Фрэнку стало казаться, что его тело действительно превратилось во что-то эфемерное, что могло с лёгкостью смешаться с воздухом, однако манящей мечте о расщеплении на мельчайшие частицы мешала чудовищная боль в желудке и повторяющиеся приступы тошноты. Ноги отказывались двигаться; от усталости организм попросту не мог функционировать, как если бы Фрэнка кто-то выключил. Освальд тоже начал валиться на землю, как подкошенный. Заряд энергии, оставшийся после тюремной жрачки, окончательно иссяк, и путникам необходимо было найти какое-нибудь пропитание.
Фрэнк только и думал, что о еде. Никогда он ещё так часто не представлял себе, как набивает брюхо различными деликатесами и блюдами; жареное, сочащееся кровью и маслом мясо; жирный стейк, который тает во рту… Еда, много еды, в еде спасение, еда даёт человеку выжить…

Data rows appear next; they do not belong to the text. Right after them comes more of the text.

(* Let $1\le d\le r$ and $0\le k\le r-1$ be integers. Then: (i) All entries of $g^{r,d}_k$ are non-negative, and $\mathrm{last}(g^{r,d}_k)=0$ if and only if either ($d$ is even, $d=r$ and $k=0$) or ($d=1$ and $k>0$). (ii) If $d$ is odd, then $\mathrm{last}(\hat g^{r,d}_k)>0$ for $k\ge d/2$ and $\mathrm{last}(\hat g^{r,d}_k)<0$ for $k<d/2$. (iii) If $d$ is even, then $\mathrm{last}(\hat g^{r,d}_k)>0$ for $k>\frac{d+r}{2}$ and $\mathrm{last}(\hat g^{r,d}_k)<0$ for $k<\frac{d+r}{2}$; moreover, if $r$ is even, then $\mathrm{last}(\hat g^{r,d}_{(d+r)/2})=0$.
   Context: For integers $r\ge0$, $d\ge1$ and $i\in\mathbb Z$, $C(r,d,i)$ denotes the number of integer vectors $(u_1,\dots,u_d)$ with $u_1+\cdots+u_d=i$ and $0\le u_l\le r$ for all $l$. For integers $d\ge1$, $r\ge1$, $k\ge0$: if $0\le k\le r-1$, let $\hat g^{r,d}_k=(g_0,g_1,\dots,g_{\lfloor d/2\rfloor+1})\in\mathbb Z^{\lfloor d/2\rfloor+2}$ with $g_0=C(r-1,d,-k)=\delta_{0,k}$ and $g_i=C(r-1,d,ir-k)-C(r-1,d,(i-1)r-k)$ for $1\le i\le\lfloor d/2\rfloor+1$; if $k\ge r$, $\hat g^{r,d}_k$ is the zero vector. The vector $g^{r,d}_k\in\mathbb Z^{\lfloor d/2\rfloor+1}$ is obtained from $\hat g^{r,d}_k$ by deleting its last entry. For a vector $v$, $\mathrm{last}(v)$ denotes its rightmost entry. *)

theory Defs
  imports Main
begin

definition Ccount :: "nat \<Rightarrow> nat \<Rightarrow> int \<Rightarrow> int" where
  "Ccount r d i = int (card {u :: nat list. length u = d \<and> (\<forall>x\<in>set u. x \<le> r) \<and> int (sum_list u) = i})"

definition ghat :: "nat \<Rightarrow> nat \<Rightarrow> nat \<Rightarrow> int list" where
  "ghat r d k = (if k < r then
     map (\<lambda>i. if i = 0 then Ccount (r - 1) d (- int k)
               else Ccount (r - 1) d (int i * int r - int k) - Ccount (r - 1) d ((int i - 1) * int r - int k))
         [0..<d div 2 + 2]
   else replicate (d div 2 + 2) 0)"

definition gvec :: "nat \<Rightarrow> nat \<Rightarrow> nat \<Rightarrow> int list" where
  "gvec r d k = butlast (ghat r d k)"

end

theory Submission
  imports Defs
begin

(*
  Write C_d(j) for Ccount (r - 1) d j and N = d (r - 1).  The entries of hat g^{r,d}_k are
  the consecutive differences  g_i = C_d(i r - k) - C_d((i - 1) r - k)  (i >= 1), whose
  arguments a = i r - k and b = a - r lie r apart.  The whole theorem follows from the
  classical fact that the coefficient sequence j |-> C_d(j) of (1 + x + ... + x^(r-1))^d is
  symmetric about N/2 and unimodal, strictly so on [0, N/2] once d >= 2.

  For such a sequence f and b < a, the sign of f a - f b is the sign of N - (a + b):
  a and b are compared by their distances to the centre N/2.  Hence every entry satisfies
  sgn g_i = sgn (N - (2i - 1) r + 2k), and parts (i)-(iii) are sign computations for the
  last entries i = floor(d/2) (of g) and i = floor(d/2) + 1 (of hat g).
*)

lemma Ccount_0: "Ccount m 0 j = (if j = 0 then 1 else 0)"
proof -
  have "{u :: nat list. length u = 0 \<and> (\<forall>x\<in>set u. x \<le> m) \<and> int (sum_list u) = j}
        = (if j = 0 then {[]} else {})" by auto
  then show ?thesis by (simp add: Ccount_def)
qed

(* Splitting off the first coordinate u in {0..m}: C_{d+1}(j) = sum of C_d(j - u). *)
lemma Ccount_Suc: "Ccount m (Suc d) j = (\<Sum>u = 0..m. Ccount m d (j - int u))"
proof -
  define S where "S d j = {u :: nat list. length u = d \<and> (\<forall>x\<in>set u. x \<le> m) \<and> int (sum_list u) = j}"
    for d j
  have fin: "finite (S d j)" for d j
    by (rule finite_subset[OF _ finite_lists_length_eq[OF finite_atLeastAtMost[of 0 m], of d]])
      (auto simp: S_def)
  have split_head: "S (Suc d) j = (\<Union>x\<in>{0..m}. Cons x ` S d (j - int x))"
  proof (intro set_eqI iffI)
    fix u assume "u \<in> S (Suc d) j"
    then obtain x xs where "u = x # xs" "x \<le> m" "xs \<in> S d (j - int x)"
      by (cases u) (auto simp: S_def)
    then show "u \<in> (\<Union>x\<in>{0..m}. Cons x ` S d (j - int x))" by auto
  qed (auto simp: S_def)
  have "card (S (Suc d) j) = (\<Sum>x = 0..m. card (Cons x ` S d (j - int x)))"
    unfolding split_head by (rule card_UN_disjoint) (auto intro: fin)
  also have "\<dots> = (\<Sum>x = 0..m. card (S d (j - int x)))"
    by (rule sum.cong) (auto intro: card_image)
  finally show ?thesis by (simp add: Ccount_def S_def[symmetric])
qed

lemma Ccount_one: "Ccount m 1 j = (if 0 \<le> j \<and> j \<le> int m then 1 else 0)"
proof -
  have "Ccount m 1 j = (\<Sum>u = 0..m. if j = int u then 1 else 0)"
    by (simp add: Ccount_Suc Ccount_0)
  also have "\<dots> = (\<Sum>u = 0..m. if u = nat j \<and> 0 \<le> j then 1 else 0)"
    by (rule sum.cong) auto
  also have "\<dots> = (if 0 \<le> j \<and> j \<le> int m then 1 else 0)"
    by (cases "0 \<le> j") (auto simp: nat_le_iff)
  finally show ?thesis .
qed

(* Symmetry C_d(d m - j) = C_d(j) (reflection u_l -> m - u_l), by induction via the recursion,
   reversing the summation range. *)
lemma Ccount_sym: "Ccount m d (int d * int m - j) = Ccount m d j"
proof (induction d arbitrary: j)
  case 0
  then show ?case by (simp add: Ccount_0)
next
  case (Suc d)
  have "Ccount m (Suc d) (int (Suc d) * int m - j)
        = (\<Sum>u = 0..m. Ccount m d (int d * int m - (j + int u - int m)))"
    by (simp add: Ccount_Suc algebra_simps)
  also have "\<dots> = (\<Sum>u = 0..m. Ccount m d (j + int u - int m))"
    using Suc.IH by simp
  also have "\<dots> = (\<Sum>u = 0..m. Ccount m d (j + int (m + 0 - u) - int m))"
    by (rule sum.atLeastAtMost_rev)
  also have "\<dots> = Ccount m (Suc d) j"
    by (auto simp: Ccount_Suc of_nat_diff intro: sum.cong)
  finally show ?case .
qed

(* Telescoping the convolution: the increments of C_{d+1} are differences of C_d at
   arguments m + 1 apart.  This drives the induction for unimodality. *)
lemma Ccount_Suc_diff:
  "Ccount m (Suc d) j - Ccount m (Suc d) (j - 1) = Ccount m d j - Ccount m d (j - int m - 1)"
proof -
  have "(\<Sum>u = 0..m. Ccount m d (j - 1 - int u)) = (\<Sum>u = Suc 0..Suc m. Ccount m d (j - int u))"
    by (subst sum.shift_bounds_cl_Suc_ivl) (simp add: algebra_simps)
  also have "\<dots> = (\<Sum>u = Suc 0..m. Ccount m d (j - int u)) + Ccount m d (j - int m - 1)"
    by (simp add: algebra_simps)
  finally show ?thesis
    by (simp add: Ccount_Suc sum.atLeast_Suc_atMost[of 0 m])
qed

locale sym_unimodal =
  fixes N :: int and f :: "int \<Rightarrow> int"
  assumes sym: "f (N - j) = f j"
    and mono: "2 * j \<le> N \<Longrightarrow> f (j - 1) \<le> f j"
begin

lemma le_upto: "b \<le> t \<Longrightarrow> 2 * t \<le> N \<Longrightarrow> f b \<le> f t"
proof (induction t rule: int_ge_induct)
  case (step t)
  then have "f b \<le> f t" by simp
  also have "\<dots> \<le> f (t + 1)" using mono[of "t + 1"] step.prems by simp
  finally show ?case .
qed simp

(* Of two arguments, the one closer to the centre has the larger value. *)
lemma le: "b \<le> a \<Longrightarrow> a + b \<le> N \<Longrightarrow> f b \<le> f a"
proof (cases "2 * a \<le> N")
  case False
  assume "a + b \<le> N"
  then have "f b \<le> f (N - a)" using False by (intro le_upto) auto
  then show ?thesis by (simp add: sym)
qed (simp add: le_upto)

end

locale strict_sym_unimodal = sym_unimodal +
  assumes strict: "0 \<le> j \<Longrightarrow> 2 * j \<le> N \<Longrightarrow> f (j - 1) < f j"
begin

lemma less_if_sum_less:
  assumes "b < a" "a + b < N" "0 \<le> a" "a \<le> N"
  shows "f b < f a"
proof -
  define t where "t = min a (N - a)"
  have "f b \<le> f (t - 1)" using assms by (intro le_upto) (auto simp: t_def min_def)
  also have "\<dots> < f t" using assms by (intro strict) (auto simp: t_def min_def)
  also have "f t = f a" by (simp add: t_def min_def sym)
  finally show ?thesis .
qed

lemma sgn_diff:
  assumes "b < a" "a - b \<le> N" "0 \<le> a" "b \<le> N"
  shows "sgn (f a - f b) = sgn (N - (a + b))"
proof (cases "a + b" N rule: linorder_cases)
  case less
  have "f b < f a" using assms less by (intro less_if_sum_less) auto
  then show ?thesis using less by (simp add: sgn_if)
next
  case equal
  then have "b = N - a" by simp
  then have "f b = f a" by (simp add: sym)
  then show ?thesis using equal by simp
next
  case greater
  have "f (N - a) < f (N - b)" using assms greater by (intro less_if_sum_less) auto
  then show ?thesis using greater by (simp add: sgn_if sym)
qed

end

lemma Ccount_sym_unimodal: "sym_unimodal (int d * int m) (Ccount m d)"
proof (induction d)
  case 0
  show ?case by unfold_locales (auto simp: Ccount_0)
next
  case (Suc d)
  interpret IH: sym_unimodal "int d * int m" "Ccount m d" by (fact Suc.IH)
  show ?case
  proof unfold_locales
    fix j :: int
    assume "2 * j \<le> int (Suc d) * int m"
    then have "Ccount m d (j - int m - 1) \<le> Ccount m d j"
      by (intro IH.le) (auto simp: algebra_simps)
    then show "Ccount m (Suc d) (j - 1) \<le> Ccount m (Suc d) j"
      using Ccount_Suc_diff[of m d j] by simp
  qed (rule Ccount_sym)
qed

(* For d >= 2 the increments are strictly positive up to the centre: for d = 2 they equal
   1, and the induction step uses the strict comparison for C_d. *)
lemma Ccount_strict_sym_unimodal:
  assumes "2 \<le> d"
  shows "strict_sym_unimodal (int d * int m) (Ccount m d)"
  using assms
proof (induction d rule: nat_induct_at_least)
  case base
  show ?case
  proof (intro_locales)
    show "strict_sym_unimodal_axioms (int 2 * int m) (Ccount m 2)"
    proof unfold_locales
      fix j :: int
      assume "0 \<le> j" "2 * j \<le> int 2 * int m"
      then have "Ccount m 1 j - Ccount m 1 (j - int m - 1) = 1"
        by (simp add: Ccount_one[unfolded One_nat_def])
      then show "Ccount m 2 (j - 1) < Ccount m 2 j"
        using Ccount_Suc_diff[of m 1 j] by (simp add: numeral_2_eq_2)
    qed
  qed (rule Ccount_sym_unimodal)
next
  case (Suc d)
  interpret IH: strict_sym_unimodal "int d * int m" "Ccount m d" by (fact Suc.IH)
  show ?case
  proof (intro_locales)
    show "strict_sym_unimodal_axioms (int (Suc d) * int m) (Ccount m (Suc d))"
    proof unfold_locales
      fix j :: int
      assume "0 \<le> j" and "2 * j \<le> int (Suc d) * int m"
      then have "2 * j \<le> int m + int d * int m" by (simp add: distrib_right)
      moreover have "int m \<le> int d * int m"
        using Suc.hyps by (simp add: mult_le_cancel_right1)
      ultimately have "Ccount m d (j - int m - 1) < Ccount m d j"
        using \<open>0 \<le> j\<close> by (intro IH.less_if_sum_less) linarith+
      then show "Ccount m (Suc d) (j - 1) < Ccount m (Suc d) j"
        using Ccount_Suc_diff[of m d j] by simp
    qed
  qed (rule Ccount_sym_unimodal)
qed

На обочине беглецы наткнулись на несколько человеческих трупов. Они были чёрными от разложения; кожа на черепе была соскоблена, а грудные клетки были как бы разорваны изнутри. Не стоило труда догадаться, что в прошлом эти трупы являлись зомби.
Освальд опустился на четвереньки и приблизился к телам.
Фрэнк до последнего пытался отогнать от себя момент осознания, но желание есть было куда сильнее любых нравственных установок, и без слов он присел к Освальду.
Руки страшно дрожали, и когда Фрэнк прикоснулся к трупу, то почувствовал что-то близкое, знакомое; в то же мгновение в памяти возникли все те впечатления, которые остались у него после рытья могильников. И почему-то Фрэнку перестала казаться варварской идея съесть мёртвые тела. Любое живое существо можно воспринимать в качестве пищи. Тем более сейчас, когда от этого зависело выживание…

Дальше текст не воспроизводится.